Роза была смуглой, стройной, красивой и умной девочкой. Признав явное численное превосходство антрацитово африканских товарищей она вежливо согласилась, но мягко попросила не рвать ей одежду и дать ей буквально минуточку для разоблачения.
Студенты и гости нашей интернациональной отчизны радостно оскалились, и во тьме их лиц, помыслов и ночи, ярко блеснули белые зубы. А потом в их глазах вспыхнуло ярко красное пламя и белые зубы окрасились кровавым багрянцем. Это Роза мигом разувшись била их по зубам и мордам высокими каблуками изящных кожаных туфель с металлическими набойками. Потом она босиком бежала по парковым аллеям, рвались дорогие импортные чулки, осколки битых бутылок щедро разбросанные по парковой дорожке резали ступни девушки и жуткий мат оглашал окрестности.
Вечером следующего дня после работы я ей позвонил и ее мама сухо сказала: «Роза болеет», я пошел ее навестить.
— Ах это опять ты? — недовольно оглядев меня сказала мрачная ведьма открыв дверь квартиры.
Это была моя самая любимая ведьма. Ведьма была в общем то доброй, милой и гостеприимной старушкой, просто вид у нее был такой … ну просто сказочный, сгорбленная фигура, впалые щеки, крупный крючковатый нос и седые космы, казалось она только и думает как из добра молодца т.е. из меня сварить щи. А еще ведьма была бабушкой Розы.
— Бабуль?! Кто это? — донесся из спальни звонкий голосок Розы.
— Твой, — недовольно проворчала бабушка впуская меня в квартиру и не мешкая убралась на кухню готовить чай. Бабка знала, что я люблю крепкий чай, шоколадные конфеты, кубинский ром, Розу, терпеть не могу рыбу и ее присутствие при наших частых встречах, особенно когда запираясь в спальне для подготовки уроков мы придавались радостям бытия.
Короче она знала меня как облупленного, что в общем то и неудивительно, учитывая, что знакомы мы десять лет с самого первого дня как я пришел в школу в первый класс держась за мамину ручку.

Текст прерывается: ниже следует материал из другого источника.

(* Let $\gamma$ be a closed path in a reduced Rauzy diagram whose associated matrix $V(\gamma)$ is primitive. Assume there is a lift $\hat\gamma$ of $\gamma$ in the labeled Rauzy diagram that contains every letter of the alphabet as loser, or contains every letter as winner. Then the Perron–Frobenius eigenvalue of $V(\gamma)$ is at least $2$.
   Context: Fix a finite alphabet $\mathcal A$ with $d\ge2$ letters. A labeled permutation is a pair $\pi=(\pi_t,\pi_b)$ of bijections $\mathcal A\to\{1,\dots,d\}$. The Rauzy moves are: $\mathcal R_t(\pi)=(\pi_t,\pi_b')$ where, with $k$ such that $\pi_b^{-1}(k)=\pi_t^{-1}(d)$, $\pi_b'^{-1}(j)=\pi_b^{-1}(j)$ for $j\le k$, $\pi_b'^{-1}(k+1)=\pi_b^{-1}(d)$, $\pi_b'^{-1}(j)=\pi_b^{-1}(j-1)$ for $j>k+1$; its winner is $\pi_t^{-1}(d)$ and loser $\pi_b^{-1}(d)$. Symmetrically $\mathcal R_b(\pi)=(\pi_t',\pi_b)$ with the roles of $t,b$ exchanged; its winner is $\pi_b^{-1}(d)$ and loser $\pi_t^{-1}(d)$. The labeled Rauzy diagram of an (irreducible) $\pi$ is the directed graph whose vertices are all labeled permutations obtainable from $\pi$ by Rauzy moves and whose edges $\pi\xrightarrow{\alpha,\beta}\pi'$ are the moves, labeled by winner $\alpha$ and loser $\beta$. A path contains a letter as winner (loser) if one of its edges has that letter as winner (loser). To a labeled path with successive winner/loser pairs $(\alpha_k,\beta_k)_{k=1}^n$ one associates $\hat V=\prod_{k=1}^n(I+E_{\alpha_k\beta_k})$, where $E_{\alpha\beta}$ is the elementary matrix with a single $1$ in position $(\alpha,\beta)$. The reduced Rauzy diagram is obtained by identifying labeled permutations $(\pi_t,\pi_b),(\pi_t',\pi_b')$ with $\pi_b\circ\pi_t^{-1}=\pi_b'\circ\pi_t'^{-1}$; the labeled diagram covers it. For a closed path $\gamma$ in the reduced diagram, take its lift $\hat\gamma$ starting at the labeled representative with $\pi_t=\mathrm{Id}$ (alphabet $\{1,\dots,d\}$), ending at some $(\pi_t',\pi_b')$; then $V(\gamma)=\hat V(\hat\gamma)\,P$ where $P=[p_{ij}]$ with $p_{ij}=1$ iff $j=\pi_t'(i)$ and $0$ otherwise (for other lifts, $P$ is the analogous permutation matrix relating start and end labelings). A nonnegative matrix is primitive if some power has all entries positive. *)

theory Defs
  imports "Jordan_Normal_Form.Spectral_Radius" "HOL-Combinatorics.Permutations"
begin

(* Alphabet = {1..d} (natural numbers).  A labeled permutation is a pair (pt, pb)
   of permutations of {1..d} (functions permuting {1..d}, identity outside). *)

type_synonym lperm = "(nat \<Rightarrow> nat) \<times> (nat \<Rightarrow> nat)"

definition is_lperm :: "nat \<Rightarrow> lperm \<Rightarrow> bool" where
  "is_lperm d PI \<longleftrightarrow> fst PI permutes {1..d} \<and> snd PI permutes {1..d}"

definition irreducible_lperm :: "nat \<Rightarrow> lperm \<Rightarrow> bool" where
  "irreducible_lperm d PI \<longleftrightarrow>
     (\<forall>k. 1 \<le> k \<and> k < d \<longrightarrow> inv_into UNIV (fst PI) ` {1..k} \<noteq> inv_into UNIV (snd PI) ` {1..k})"

datatype move = Top | Bot

definition insert_after :: "nat \<Rightarrow> nat \<Rightarrow> (nat \<Rightarrow> nat) \<Rightarrow> (nat \<Rightarrow> nat)" where
  "insert_after d k q = inv_into UNIV (\<lambda>j. if 1 \<le> j \<and> j \<le> d then
        (if j \<le> k then inv_into UNIV q j else if j = k + 1 then inv_into UNIV q d else inv_into UNIV q (j - 1))
      else j)"

fun rauzy :: "nat \<Rightarrow> move \<Rightarrow> lperm \<Rightarrow> lperm" where
  "rauzy d Top (pt, pb) = (pt, insert_after d (pb (inv_into UNIV pt d)) pb)"
| "rauzy d Bot (pt, pb) = (insert_after d (pt (inv_into UNIV pb d)) pt, pb)"

fun winner :: "nat \<Rightarrow> move \<Rightarrow> lperm \<Rightarrow> nat" where
  "winner d Top (pt, pb) = inv_into UNIV pt d"
| "winner d Bot (pt, pb) = inv_into UNIV pb d"

fun loser :: "nat \<Rightarrow> move \<Rightarrow> lperm \<Rightarrow> nat" where
  "loser d Top (pt, pb) = inv_into UNIV pb d"
| "loser d Bot (pt, pb) = inv_into UNIV pt d"

definition path_end :: "nat \<Rightarrow> lperm \<Rightarrow> move list \<Rightarrow> lperm" where
  "path_end d PI ts = foldl (\<lambda>S t. rauzy d t S) PI ts"

fun path_labels :: "nat \<Rightarrow> lperm \<Rightarrow> move list \<Rightarrow> (nat \<times> nat) list" where
  "path_labels d PI [] = []"
| "path_labels d PI (t # ts) = (winner d t PI, loser d t PI) # path_labels d (rauzy d t PI) ts"
lemma Lp_norm_le_of_nn_integral_bound:
  fixes f :: "real^3 \<Rightarrow> 'b::euclidean_space" and r c N :: real
  assumes [measurable]: "f \<in> borel_measurable lebesgue" and r: "0 < r" and "0 \<le> c" "0 \<le> N"
    and bound: "\<And>M. 0 < M \<Longrightarrow> N \<le> M \<Longrightarrow>
      (\<integral>\<^sup>+ x. ennreal (norm (f x) powr r) \<partial>lebesgue) \<le> ennreal (c * M powr r)"
  shows "in_Lp r f \<and> Lp_norm r f \<le> c powr (1/r) * N"
proof
  have "(\<integral>\<^sup>+ x. ennreal (norm (f x) powr r) \<partial>lebesgue) \<le> ennreal (c * (N + 1) powr r)"
    using assms by (intro bound) auto
  also have "\<dots> < \<infinity>"
    by simp
  finally show "in_Lp r f"
    by (simp add: in_Lp_def)
  have le: "Lp_norm r f \<le> c powr (1/r) * M" if "0 < M" "N \<le> M" for M
  proof -
    have "enn2real (\<integral>\<^sup>+ x. ennreal (norm (f x) powr r) \<partial>lebesgue) \<le> c * M powr r"
      using bound[OF that] assms by (intro enn2real_leI) auto
    then have "Lp_norm r f \<le> (c * M powr r) powr (1/r)"
      unfolding Lp_norm_def using r by (intro powr_mono2) auto
    also have "\<dots> = c powr (1/r) * M"
      using assms that by (simp add: powr_mult powr_powr)
    finally show ?thesis .
  qed
  show "Lp_norm r f \<le> c powr (1/r) * N"
  proof (rule field_le_epsilon)
    fix e :: real
    assume "0 < e"
    let ?c = "c powr (1/r)"
    have "0 < e / (?c + 1)"
      using \<open>0 < e\<close> by (simp add: add_nonneg_pos)
    then have "Lp_norm r f \<le> ?c * (N + e / (?c + 1))"
      using assms by (intro le) linarith+
    also have "\<dots> \<le> ?c * N + e"
      using \<open>0 < e\<close> add_pos_nonneg[OF zero_less_one powr_ge_zero[of c "1/r"]]
      by (simp add: distrib_left divide_le_eq algebra_simps)
    finally show "Lp_norm r f \<le> c powr (1/r) * N + e" .
  qed
qed

lemma nn_integral_six_fifths_le_weighted_norms:
  fixes \<Gamma> :: "real^3 \<Rightarrow> real" and P :: "real^3 \<Rightarrow> real^3" and p q C M :: real
  assumes p: "1 < p" "p < 6" and q: "1 < q"
    and [measurable]: "\<Gamma> \<in> borel_measurable lebesgue" "P \<in> borel_measurable lebesgue"
    and pos: "\<forall>x. 0 < \<Gamma> x" and bound: "AE x in lebesgue. \<Gamma> x \<le> C"
    and F\<^sub>p: "in_Lp (conj_exp p) (\<lambda>x. \<Gamma> x powr (-1/p) *\<^sub>R P x)"
    and F\<^sub>q: "in_Lp (conj_exp q) (\<lambda>x. \<Gamma> x powr (-1/q) *\<^sub>R P x)"
    and M: "0 < M" "Lp_norm (conj_exp p) (\<lambda>x. \<Gamma> x powr (-1/p) *\<^sub>R P x) \<le> M"
      "Lp_norm (conj_exp q) (\<lambda>x. \<Gamma> x powr (-1/q) *\<^sub>R P x) \<le> M"
  shows "(\<integral>\<^sup>+ x. ennreal (norm (P x) powr (6/5)) \<partial>lebesgue)
    \<le> ennreal (max 1 (C powr (1/5)) * M powr (6/5))
       * ((\<integral>\<^sup>+ x. ennreal (if q < 6 then \<Gamma> x powr (6/(6-q)) else 0) \<partial>lebesgue) + 2)"
proof -
  define K where "K = max 1 (C powr (1/5))"
  define H where "H = (\<lambda>x. if q < 6 then \<Gamma> x powr (6/(6-q)) else 0)"
  define A where "A = (\<lambda>x. ennreal ((norm (\<Gamma> x powr (-1/p) *\<^sub>R P x) / M) powr conj_exp p))"
  define B where "B = (\<lambda>x. ennreal ((norm (\<Gamma> x powr (-1/q) *\<^sub>R P x) / M) powr conj_exp q))"
  have [measurable]: "H \<in> borel_measurable lebesgue" "A \<in> borel_measurable lebesgue"
    "B \<in> borel_measurable lebesgue"
    unfolding H_def A_def B_def by measurable
  have "AE x in lebesgue. ennreal (norm (P x) powr (6/5))
      \<le> ennreal (K * M powr (6/5)) * (ennreal (H x) + A x + B x)"
    using bound
  proof eventually_elim
    case (elim x)
    have "(norm (P x) / M) powr (6/5) \<le> K * (H x
        + (\<Gamma> x powr (-1/p) * (norm (P x) / M)) powr (p/(p-1))
        + (\<Gamma> x powr (-1/q) * (norm (P x) / M)) powr (q/(q-1)))"
      unfolding K_def H_def using p q pos elim M by (intro six_fifths_powr_le_weighted) auto
    then have "norm (P x) powr (6/5) \<le> K * M powr (6/5) * (H x
        + (norm (\<Gamma> x powr (-1/p) *\<^sub>R P x) / M) powr conj_exp p
        + (norm (\<Gamma> x powr (-1/q) *\<^sub>R P x) / M) powr conj_exp q)"
      using M pos by (simp add: powr_divide conj_exp_def field_simps)
    moreover have "0 \<le> H x" "0 \<le> K"
      by (simp_all add: H_def K_def)
    ultimately show ?case
      unfolding A_def B_def
      by (simp add: ennreal_mult'[symmetric] ennreal_plus[symmetric] ennreal_leI del: ennreal_plus)
  qed
  then have "(\<integral>\<^sup>+ x. ennreal (norm (P x) powr (6/5)) \<partial>lebesgue)
      \<le> (\<integral>\<^sup>+ x. ennreal (K * M powr (6/5)) * (ennreal (H x) + A x + B x) \<partial>lebesgue)"
    by (rule nn_integral_mono_AE)
  also have "\<dots> = ennreal (K * M powr (6/5))
      * ((\<integral>\<^sup>+ x. ennreal (H x) \<partial>lebesgue) + integral\<^sup>N lebesgue A + integral\<^sup>N lebesgue B)"
    by (simp add: nn_integral_cmult nn_integral_add)
  also have "\<dots> \<le> ennreal (K * M powr (6/5)) * ((\<integral>\<^sup>+ x. ennreal (H x) \<partial>lebesgue) + 1 + 1)"
    unfolding A_def B_def using p q M conj_exp_def
    by (intro mult_left_mono add_mono order.refl nn_integral_normalized_powr_le_one F\<^sub>p F\<^sub>q) auto
  finally show ?thesis
    by (simp add: K_def H_def add.assoc one_add_one)
qed

lemma in_Lp_six_fifths_of_weighted:
  fixes \<Gamma> :: "real^3 \<Rightarrow> real" and P :: "real^3 \<Rightarrow> real^3" and p q C I :: real
  assumes p: "1 < p" "p < 6" and q: "1 < q"
    and [measurable]: "\<Gamma> \<in> borel_measurable lebesgue"
    and pos: "\<forall>x. 0 < \<Gamma> x" and bound: "AE x in lebesgue. \<Gamma> x \<le> C"
    and I: "(\<integral>\<^sup>+ x. ennreal (if q < 6 then \<Gamma> x powr (6/(6-q)) else 0) \<partial>lebesgue) = ennreal I"
      "0 \<le> I"
    and P: "in_weighted_Lp \<Gamma> p P" "in_weighted_Lp \<Gamma> q P"
  shows "in_Lp (6/5) P \<and> Lp_norm (6/5) P \<le> (max 1 (C powr (1/5)) * (I + 2)) powr (5/6) *
      (Lp_norm (conj_exp p) (\<lambda>x. \<Gamma> x powr (-1 / p) *\<^sub>R P x)
       + Lp_norm (conj_exp q) (\<lambda>x. \<Gamma> x powr (-1 / q) *\<^sub>R P x))"
proof -
  define c where "c = max 1 (C powr (1/5)) * (I + 2)"
  define N where "N = Lp_norm (conj_exp p) (\<lambda>x. \<Gamma> x powr (-1 / p) *\<^sub>R P x)
    + Lp_norm (conj_exp q) (\<lambda>x. \<Gamma> x powr (-1 / q) *\<^sub>R P x)"
  have [measurable]: "P \<in> borel_measurable lebesgue"
    and F: "in_Lp (conj_exp p) (\<lambda>x. \<Gamma> x powr (-1/p) *\<^sub>R P x)"
      "in_Lp (conj_exp q) (\<lambda>x. \<Gamma> x powr (-1/q) *\<^sub>R P x)"
    using P by (simp_all add: in_weighted_Lp_def)
  have "(\<integral>\<^sup>+ x. ennreal (norm (P x) powr (6/5)) \<partial>lebesgue) \<le> ennreal (c * M powr (6/5))"
    if "0 < M" "N \<le> M" for M
  proof -
    have "Lp_norm (conj_exp p) (\<lambda>x. \<Gamma> x powr (-1 / p) *\<^sub>R P x) \<le> M"
      using order_trans[OF add_increasing2[OF Lp_norm_nonneg order.refl] that(2)[unfolded N_def]] .
    moreover have "Lp_norm (conj_exp q) (\<lambda>x. \<Gamma> x powr (-1 / q) *\<^sub>R P x) \<le> M"
      using order_trans[OF add_increasing[OF Lp_norm_nonneg order.refl] that(2)[unfolded N_def]] .
    ultimately have "(\<integral>\<^sup>+ x. ennreal (norm (P x) powr (6/5)) \<partial>lebesgue)
        \<le> ennreal (max 1 (C powr (1/5)) * M powr (6/5)) * (ennreal I + 2)"
      using nn_integral_six_fifths_le_weighted_norms[OF p q _ _ pos bound F \<open>0 < M\<close>] I
      by simp
    also have "ennreal I + 2 = ennreal (I + 2)"
      using I by simp
    also have "ennreal (max 1 (C powr (1/5)) * M powr (6/5)) * ennreal (I + 2)
        = ennreal (c * M powr (6/5))"
      using I by (subst ennreal_mult'[symmetric]) (simp_all add: c_def mult_ac)
    finally show ?thesis .
  qed
  then have "in_Lp (6/5) P \<and> Lp_norm (6/5) P \<le> c powr (1/(6/5)) * N"
    using I by (intro Lp_norm_le_of_nn_integral_bound) (auto simp: c_def N_def Lp_norm_nonneg)
  then show ?thesis
    by (simp add: c_def N_def)
qed

theorem mainTheorem10:
  fixes \<alpha> p q c\<^sub>0 C\<^sub>0 :: real and \<Gamma> :: "real^3 \<Rightarrow> real"
  assumes "0 < \<alpha>" "\<alpha> < 3"
    and "2 < p" "p < 6"
    and "max 2 (6 - 2 * \<alpha>) < q"
    and "\<Gamma> \<in> borel_measurable lebesgue"
    and "\<forall>x. 0 < \<Gamma> x"
    and "0 < c\<^sub>0" "c\<^sub>0 \<le> C\<^sub>0"
    and "AE x in lebesgue. c\<^sub>0 \<le> \<Gamma> x * (1 + norm x) powr \<alpha> \<and> \<Gamma> x * (1 + norm x) powr \<alpha> \<le> C\<^sub>0"
  shows "\<exists>C>0. \<forall>P :: real^3 \<Rightarrow> real^3.
           in_weighted_Lp \<Gamma> p P \<and> in_weighted_Lp \<Gamma> q P \<longrightarrow>
             in_Lp (6/5) P \<and>
             Lp_norm (6/5) P \<le> C * (Lp_norm (conj_exp p) (\<lambda>x. \<Gamma> x powr (-1 / p) *\<^sub>R P x)
                                     + Lp_norm (conj_exp q) (\<lambda>x. \<Gamma> x powr (-1 / q) *\<^sub>R P x))"
proof -
  have decay: "AE x in lebesgue. \<Gamma> x * (1 + norm x) powr \<alpha> \<le> C\<^sub>0"
    using assms(10) by (rule AE_mp) auto
  have "(\<integral>\<^sup>+ x. ennreal (if q < 6 then \<Gamma> x powr (6/(6-q)) else 0) \<partial>lebesgue) < \<infinity>"
  proof (cases "q < 6")
    case True
    have "3 < \<alpha> * (6/(6-q))"
      using True assms(5) by (simp add: field_simps)
    with True show ?thesis
      using nn_integral_weight_powr_finite[OF assms(6,7) _ _ _ decay] assms(8,9) by simp
  qed simp
  then obtain I where I: "(\<integral>\<^sup>+ x. ennreal (if q < 6 then \<Gamma> x powr (6/(6-q)) else 0) \<partial>lebesgue)
      = ennreal I" "0 \<le> I"
    by (metis infinity_ennreal_def less_top_ennreal)
  have "1 < p" "p < 6" "1 < q"
    using assms(3-5) by auto
  note embedding = in_Lp_six_fifths_of_weighted[OF this assms(6,7)
      weight_le_of_decay_bound[OF less_imp_le[OF assms(1)] assms(7) decay] I]
  have "0 < (max 1 (C\<^sub>0 powr (1/5)) * (I + 2)) powr (5/6)"
    using I by (simp add: add_nonneg_pos)
  with embedding show ?thesis
    by blast
qed

end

Мальчик я был как бы это по вежливее сказать, ну наверно мамиными словами:
— Вы знаете, — немного смущенно сказала моя мамочка строгой учительнице, — он мальчик очень непоседливый, любознательный, но, — тут от необходимости словесно чуть приукрасить свое чадо мамочка покраснела, — добрый и очень отзывчивый. Прошу вас, если можно, посадите его за первую парту и не спускайте с него глаз.
И присовокупила к своей просьбе огромную коробку шоколадных конфет. Так меня посадили первый раз.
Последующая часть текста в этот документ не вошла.